## How to complete this task
Check every line of the data for the word "definition", and copy those that have it.

Stored dataset items

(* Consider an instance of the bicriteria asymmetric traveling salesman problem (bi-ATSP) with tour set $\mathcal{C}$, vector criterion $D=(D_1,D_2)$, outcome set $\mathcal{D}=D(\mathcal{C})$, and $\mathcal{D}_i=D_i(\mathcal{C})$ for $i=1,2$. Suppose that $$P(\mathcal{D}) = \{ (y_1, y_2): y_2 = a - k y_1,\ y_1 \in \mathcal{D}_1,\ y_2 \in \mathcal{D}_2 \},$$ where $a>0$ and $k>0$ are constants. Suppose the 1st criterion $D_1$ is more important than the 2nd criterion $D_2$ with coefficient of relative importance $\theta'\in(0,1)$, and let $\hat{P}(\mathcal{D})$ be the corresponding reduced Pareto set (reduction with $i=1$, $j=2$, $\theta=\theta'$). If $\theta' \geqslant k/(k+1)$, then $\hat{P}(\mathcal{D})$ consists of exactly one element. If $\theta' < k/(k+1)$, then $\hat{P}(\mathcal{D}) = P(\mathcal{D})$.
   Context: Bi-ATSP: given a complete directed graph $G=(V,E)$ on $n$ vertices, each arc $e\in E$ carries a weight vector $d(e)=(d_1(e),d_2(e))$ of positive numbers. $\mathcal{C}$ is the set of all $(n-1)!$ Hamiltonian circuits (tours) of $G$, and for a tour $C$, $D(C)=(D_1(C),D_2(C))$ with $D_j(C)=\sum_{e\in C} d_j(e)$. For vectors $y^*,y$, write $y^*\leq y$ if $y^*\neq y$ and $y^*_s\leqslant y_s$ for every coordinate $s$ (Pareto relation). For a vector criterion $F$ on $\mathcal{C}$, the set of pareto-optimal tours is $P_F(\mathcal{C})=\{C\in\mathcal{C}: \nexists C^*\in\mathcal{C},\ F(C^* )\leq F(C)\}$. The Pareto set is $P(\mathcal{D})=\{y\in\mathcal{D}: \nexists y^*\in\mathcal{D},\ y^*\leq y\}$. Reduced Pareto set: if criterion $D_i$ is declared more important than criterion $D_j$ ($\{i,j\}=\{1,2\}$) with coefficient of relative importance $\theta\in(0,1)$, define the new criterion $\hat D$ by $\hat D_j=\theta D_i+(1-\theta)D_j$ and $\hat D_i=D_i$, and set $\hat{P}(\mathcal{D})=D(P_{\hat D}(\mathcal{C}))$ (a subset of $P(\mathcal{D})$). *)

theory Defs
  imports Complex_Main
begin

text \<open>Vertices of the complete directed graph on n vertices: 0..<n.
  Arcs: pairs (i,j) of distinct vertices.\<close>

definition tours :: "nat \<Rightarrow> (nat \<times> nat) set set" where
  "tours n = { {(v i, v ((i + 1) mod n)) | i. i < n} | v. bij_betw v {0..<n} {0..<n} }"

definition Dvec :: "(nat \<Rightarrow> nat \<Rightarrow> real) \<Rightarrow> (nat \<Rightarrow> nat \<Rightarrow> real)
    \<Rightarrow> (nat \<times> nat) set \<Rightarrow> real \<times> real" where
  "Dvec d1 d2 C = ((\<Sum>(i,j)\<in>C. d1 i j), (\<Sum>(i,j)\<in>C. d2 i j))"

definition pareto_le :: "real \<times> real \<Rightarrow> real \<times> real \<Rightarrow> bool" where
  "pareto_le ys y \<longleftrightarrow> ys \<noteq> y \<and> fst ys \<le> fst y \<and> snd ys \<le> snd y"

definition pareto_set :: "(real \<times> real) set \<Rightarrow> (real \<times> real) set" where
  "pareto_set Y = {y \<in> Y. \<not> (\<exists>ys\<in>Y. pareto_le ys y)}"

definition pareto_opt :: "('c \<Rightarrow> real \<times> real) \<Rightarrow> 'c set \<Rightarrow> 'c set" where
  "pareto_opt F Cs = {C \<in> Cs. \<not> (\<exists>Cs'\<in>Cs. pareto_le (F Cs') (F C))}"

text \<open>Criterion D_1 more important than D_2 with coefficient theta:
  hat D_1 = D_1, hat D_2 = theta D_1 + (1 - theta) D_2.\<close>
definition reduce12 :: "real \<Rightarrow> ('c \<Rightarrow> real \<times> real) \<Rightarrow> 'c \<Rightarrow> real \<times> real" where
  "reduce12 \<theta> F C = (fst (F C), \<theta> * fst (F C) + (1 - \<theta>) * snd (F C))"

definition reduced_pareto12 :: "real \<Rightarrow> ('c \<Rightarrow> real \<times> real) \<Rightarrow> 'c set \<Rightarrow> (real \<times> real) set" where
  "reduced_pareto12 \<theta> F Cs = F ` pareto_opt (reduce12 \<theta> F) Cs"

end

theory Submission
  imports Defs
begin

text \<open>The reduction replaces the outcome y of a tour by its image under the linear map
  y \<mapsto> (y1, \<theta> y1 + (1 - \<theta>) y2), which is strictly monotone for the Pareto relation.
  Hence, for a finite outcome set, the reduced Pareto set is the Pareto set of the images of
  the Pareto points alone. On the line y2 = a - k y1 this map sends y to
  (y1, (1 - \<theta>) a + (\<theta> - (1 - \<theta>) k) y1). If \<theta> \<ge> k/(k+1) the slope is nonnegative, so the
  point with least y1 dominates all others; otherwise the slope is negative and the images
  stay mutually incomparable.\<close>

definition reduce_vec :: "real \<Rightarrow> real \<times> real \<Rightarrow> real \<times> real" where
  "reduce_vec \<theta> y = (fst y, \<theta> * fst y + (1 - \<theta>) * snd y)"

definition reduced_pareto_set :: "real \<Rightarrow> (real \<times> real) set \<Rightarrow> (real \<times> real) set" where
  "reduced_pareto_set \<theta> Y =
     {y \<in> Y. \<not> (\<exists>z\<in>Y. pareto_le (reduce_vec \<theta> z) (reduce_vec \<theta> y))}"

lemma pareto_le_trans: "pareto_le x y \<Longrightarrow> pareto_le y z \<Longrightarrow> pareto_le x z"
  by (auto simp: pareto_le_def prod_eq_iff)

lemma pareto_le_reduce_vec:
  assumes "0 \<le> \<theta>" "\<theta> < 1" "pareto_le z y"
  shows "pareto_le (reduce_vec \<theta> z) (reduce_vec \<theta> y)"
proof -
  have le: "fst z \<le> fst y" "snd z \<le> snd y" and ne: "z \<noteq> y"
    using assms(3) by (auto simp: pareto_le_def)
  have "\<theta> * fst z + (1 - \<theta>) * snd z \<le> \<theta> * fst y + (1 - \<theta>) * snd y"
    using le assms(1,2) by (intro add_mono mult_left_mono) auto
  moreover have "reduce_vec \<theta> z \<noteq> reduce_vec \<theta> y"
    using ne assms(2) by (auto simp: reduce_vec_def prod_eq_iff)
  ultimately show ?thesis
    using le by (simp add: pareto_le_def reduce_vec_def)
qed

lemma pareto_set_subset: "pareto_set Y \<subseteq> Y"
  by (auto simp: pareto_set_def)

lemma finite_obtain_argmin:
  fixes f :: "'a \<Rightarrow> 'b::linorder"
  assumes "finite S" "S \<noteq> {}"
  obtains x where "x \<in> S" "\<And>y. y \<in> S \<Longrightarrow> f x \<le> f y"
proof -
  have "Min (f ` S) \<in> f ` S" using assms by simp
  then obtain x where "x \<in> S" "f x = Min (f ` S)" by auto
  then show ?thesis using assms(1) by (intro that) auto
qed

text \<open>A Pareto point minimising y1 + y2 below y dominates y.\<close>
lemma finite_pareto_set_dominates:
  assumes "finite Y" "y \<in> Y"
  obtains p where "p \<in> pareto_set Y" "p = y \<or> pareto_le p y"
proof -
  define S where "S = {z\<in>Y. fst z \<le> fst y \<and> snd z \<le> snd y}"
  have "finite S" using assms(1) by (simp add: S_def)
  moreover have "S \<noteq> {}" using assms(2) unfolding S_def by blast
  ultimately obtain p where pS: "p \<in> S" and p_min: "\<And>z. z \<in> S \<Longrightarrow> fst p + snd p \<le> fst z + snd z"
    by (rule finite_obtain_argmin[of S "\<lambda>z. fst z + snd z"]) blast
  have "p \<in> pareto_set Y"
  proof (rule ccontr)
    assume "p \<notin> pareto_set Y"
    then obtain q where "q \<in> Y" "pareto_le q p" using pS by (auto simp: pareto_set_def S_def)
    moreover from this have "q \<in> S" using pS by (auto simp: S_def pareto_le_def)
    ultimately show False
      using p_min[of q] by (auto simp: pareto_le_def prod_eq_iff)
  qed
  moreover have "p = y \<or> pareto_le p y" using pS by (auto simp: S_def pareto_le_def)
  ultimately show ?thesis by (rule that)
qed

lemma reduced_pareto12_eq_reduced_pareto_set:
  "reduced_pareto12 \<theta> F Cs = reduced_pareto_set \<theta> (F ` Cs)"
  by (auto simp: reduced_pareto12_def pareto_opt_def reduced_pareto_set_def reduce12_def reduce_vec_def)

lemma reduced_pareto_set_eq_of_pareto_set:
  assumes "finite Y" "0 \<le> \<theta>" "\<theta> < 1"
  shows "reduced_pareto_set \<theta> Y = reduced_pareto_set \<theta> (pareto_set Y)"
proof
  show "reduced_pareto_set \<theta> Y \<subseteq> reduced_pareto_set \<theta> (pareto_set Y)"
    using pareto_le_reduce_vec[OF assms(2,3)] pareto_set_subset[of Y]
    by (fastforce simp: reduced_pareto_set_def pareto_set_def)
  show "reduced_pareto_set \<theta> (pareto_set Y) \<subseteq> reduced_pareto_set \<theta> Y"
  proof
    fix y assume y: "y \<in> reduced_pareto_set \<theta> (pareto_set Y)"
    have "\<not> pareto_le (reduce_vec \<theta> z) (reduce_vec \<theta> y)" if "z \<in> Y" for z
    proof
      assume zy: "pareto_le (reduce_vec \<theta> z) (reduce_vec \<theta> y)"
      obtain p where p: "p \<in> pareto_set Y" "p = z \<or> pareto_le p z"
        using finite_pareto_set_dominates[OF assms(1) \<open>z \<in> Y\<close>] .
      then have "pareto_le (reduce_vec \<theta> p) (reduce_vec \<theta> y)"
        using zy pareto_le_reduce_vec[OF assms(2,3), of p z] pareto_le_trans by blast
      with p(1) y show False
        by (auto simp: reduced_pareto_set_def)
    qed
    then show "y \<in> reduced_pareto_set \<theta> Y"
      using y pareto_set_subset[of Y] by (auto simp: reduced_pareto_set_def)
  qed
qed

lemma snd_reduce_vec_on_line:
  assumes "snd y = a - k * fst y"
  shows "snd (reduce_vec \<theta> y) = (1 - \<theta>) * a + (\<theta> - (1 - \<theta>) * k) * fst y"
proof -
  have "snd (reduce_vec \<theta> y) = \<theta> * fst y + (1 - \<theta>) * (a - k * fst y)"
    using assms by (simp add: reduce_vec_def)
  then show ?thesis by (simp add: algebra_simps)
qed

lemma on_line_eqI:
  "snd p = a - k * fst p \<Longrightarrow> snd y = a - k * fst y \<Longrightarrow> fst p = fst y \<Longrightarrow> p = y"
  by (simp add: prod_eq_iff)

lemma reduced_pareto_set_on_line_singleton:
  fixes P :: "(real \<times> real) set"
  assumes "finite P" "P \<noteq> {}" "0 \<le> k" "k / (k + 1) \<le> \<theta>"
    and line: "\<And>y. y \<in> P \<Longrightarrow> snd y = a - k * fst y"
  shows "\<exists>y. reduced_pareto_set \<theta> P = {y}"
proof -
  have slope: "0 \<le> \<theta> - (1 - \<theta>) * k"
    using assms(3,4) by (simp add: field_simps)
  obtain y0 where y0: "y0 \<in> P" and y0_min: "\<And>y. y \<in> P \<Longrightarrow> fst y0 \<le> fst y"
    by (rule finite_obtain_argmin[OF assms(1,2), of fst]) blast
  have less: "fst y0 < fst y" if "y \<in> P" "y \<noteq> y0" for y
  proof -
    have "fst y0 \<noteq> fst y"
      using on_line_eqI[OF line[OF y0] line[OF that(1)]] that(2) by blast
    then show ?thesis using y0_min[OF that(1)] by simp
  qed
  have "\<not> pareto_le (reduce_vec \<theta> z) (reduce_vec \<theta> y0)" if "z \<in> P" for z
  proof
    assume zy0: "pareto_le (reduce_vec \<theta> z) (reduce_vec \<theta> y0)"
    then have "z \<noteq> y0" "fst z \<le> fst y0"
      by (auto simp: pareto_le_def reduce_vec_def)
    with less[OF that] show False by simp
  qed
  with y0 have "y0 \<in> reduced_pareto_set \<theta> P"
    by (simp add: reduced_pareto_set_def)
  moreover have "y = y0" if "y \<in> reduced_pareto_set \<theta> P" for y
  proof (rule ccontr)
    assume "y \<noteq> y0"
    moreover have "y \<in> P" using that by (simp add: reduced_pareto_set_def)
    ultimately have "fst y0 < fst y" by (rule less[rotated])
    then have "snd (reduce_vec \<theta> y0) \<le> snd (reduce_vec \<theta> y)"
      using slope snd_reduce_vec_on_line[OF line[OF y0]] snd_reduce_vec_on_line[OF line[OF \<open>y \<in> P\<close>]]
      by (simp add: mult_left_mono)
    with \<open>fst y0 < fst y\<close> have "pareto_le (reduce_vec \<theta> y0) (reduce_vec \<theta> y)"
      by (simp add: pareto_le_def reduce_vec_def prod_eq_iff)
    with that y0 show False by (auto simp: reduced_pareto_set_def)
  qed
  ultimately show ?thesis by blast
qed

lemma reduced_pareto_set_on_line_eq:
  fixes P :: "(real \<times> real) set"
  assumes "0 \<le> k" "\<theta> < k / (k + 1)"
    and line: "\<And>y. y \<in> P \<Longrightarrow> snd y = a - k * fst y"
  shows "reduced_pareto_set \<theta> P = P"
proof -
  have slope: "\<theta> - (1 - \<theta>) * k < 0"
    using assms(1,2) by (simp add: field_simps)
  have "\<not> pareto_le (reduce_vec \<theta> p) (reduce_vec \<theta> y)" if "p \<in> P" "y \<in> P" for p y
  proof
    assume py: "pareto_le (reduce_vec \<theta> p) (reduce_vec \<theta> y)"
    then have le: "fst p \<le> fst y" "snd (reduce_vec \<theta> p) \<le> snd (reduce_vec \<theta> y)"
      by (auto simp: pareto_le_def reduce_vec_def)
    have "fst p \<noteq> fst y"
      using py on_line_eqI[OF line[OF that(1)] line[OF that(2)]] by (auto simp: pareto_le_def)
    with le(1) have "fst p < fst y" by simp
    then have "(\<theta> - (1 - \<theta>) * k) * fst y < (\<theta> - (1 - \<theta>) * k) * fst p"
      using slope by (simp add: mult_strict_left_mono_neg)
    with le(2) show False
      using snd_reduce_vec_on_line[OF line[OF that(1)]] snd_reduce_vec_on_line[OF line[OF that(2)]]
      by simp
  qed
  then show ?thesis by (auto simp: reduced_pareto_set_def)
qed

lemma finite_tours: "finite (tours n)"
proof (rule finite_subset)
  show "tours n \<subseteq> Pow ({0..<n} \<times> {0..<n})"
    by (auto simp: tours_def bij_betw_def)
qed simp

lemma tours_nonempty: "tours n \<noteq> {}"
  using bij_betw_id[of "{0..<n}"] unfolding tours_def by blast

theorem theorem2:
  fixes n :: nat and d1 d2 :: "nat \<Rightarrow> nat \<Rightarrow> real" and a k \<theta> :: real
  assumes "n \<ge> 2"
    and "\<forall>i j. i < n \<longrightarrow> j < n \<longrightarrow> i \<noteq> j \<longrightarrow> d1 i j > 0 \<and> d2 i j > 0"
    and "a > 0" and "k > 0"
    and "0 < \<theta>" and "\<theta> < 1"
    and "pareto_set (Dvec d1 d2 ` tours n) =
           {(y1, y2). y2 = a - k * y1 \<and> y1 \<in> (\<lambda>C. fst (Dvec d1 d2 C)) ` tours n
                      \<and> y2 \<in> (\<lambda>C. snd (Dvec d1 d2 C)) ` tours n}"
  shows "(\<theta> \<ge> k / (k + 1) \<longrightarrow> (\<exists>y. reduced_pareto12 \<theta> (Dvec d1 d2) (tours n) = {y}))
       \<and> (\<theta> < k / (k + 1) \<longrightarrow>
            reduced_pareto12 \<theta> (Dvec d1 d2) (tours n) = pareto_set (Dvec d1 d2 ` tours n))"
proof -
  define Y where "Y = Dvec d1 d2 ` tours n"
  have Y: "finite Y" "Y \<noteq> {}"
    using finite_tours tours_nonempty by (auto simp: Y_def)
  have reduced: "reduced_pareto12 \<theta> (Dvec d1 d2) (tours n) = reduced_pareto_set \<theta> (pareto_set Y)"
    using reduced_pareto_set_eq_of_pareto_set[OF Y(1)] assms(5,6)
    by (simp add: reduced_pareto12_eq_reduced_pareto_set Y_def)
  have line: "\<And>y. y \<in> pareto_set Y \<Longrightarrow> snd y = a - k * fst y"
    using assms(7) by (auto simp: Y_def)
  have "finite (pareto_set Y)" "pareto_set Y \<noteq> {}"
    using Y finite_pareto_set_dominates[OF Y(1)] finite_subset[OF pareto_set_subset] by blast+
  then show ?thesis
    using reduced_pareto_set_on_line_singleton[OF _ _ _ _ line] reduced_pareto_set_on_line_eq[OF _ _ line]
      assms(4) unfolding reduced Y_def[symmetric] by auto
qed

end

## Problem solution
definition tours :: "nat \<Rightarrow> (nat \<times> nat) set set" where
definition Dvec :: "(nat \<Rightarrow> nat \<Rightarrow> real) \<Rightarrow> (nat \<Rightarrow> nat \<Rightarrow> real)
definition pareto_le :: "real \<times> real \<Rightarrow> real \<times> real \<Rightarrow> bool" where
definition pareto_set :: "(real \<times> real) set \<Rightarrow> (real \<times> real) set" where
definition pareto_opt :: "('c \<Rightarrow> real \<times> real) \<Rightarrow> 'c set \<Rightarrow> 'c set" where
definition reduce12 :: "real \<Rightarrow> ('c \<Rightarrow> real \<times> real) \<Rightarrow> 'c \<Rightarrow> real \<times> real" where
definition reduced_pareto12 :: "real \<Rightarrow> ('c \<Rightarrow> real \<times> real) \<Rightarrow> 'c set \<Rightarrow> (real \<times> real) set" where
definition reduce_vec :: "real \<Rightarrow> real \<times> real \<Rightarrow> real \<times> real" where
definition reduced_pareto_set :: "real \<Rightarrow> (real \<times> real) set \<Rightarrow> (real \<times> real) set" where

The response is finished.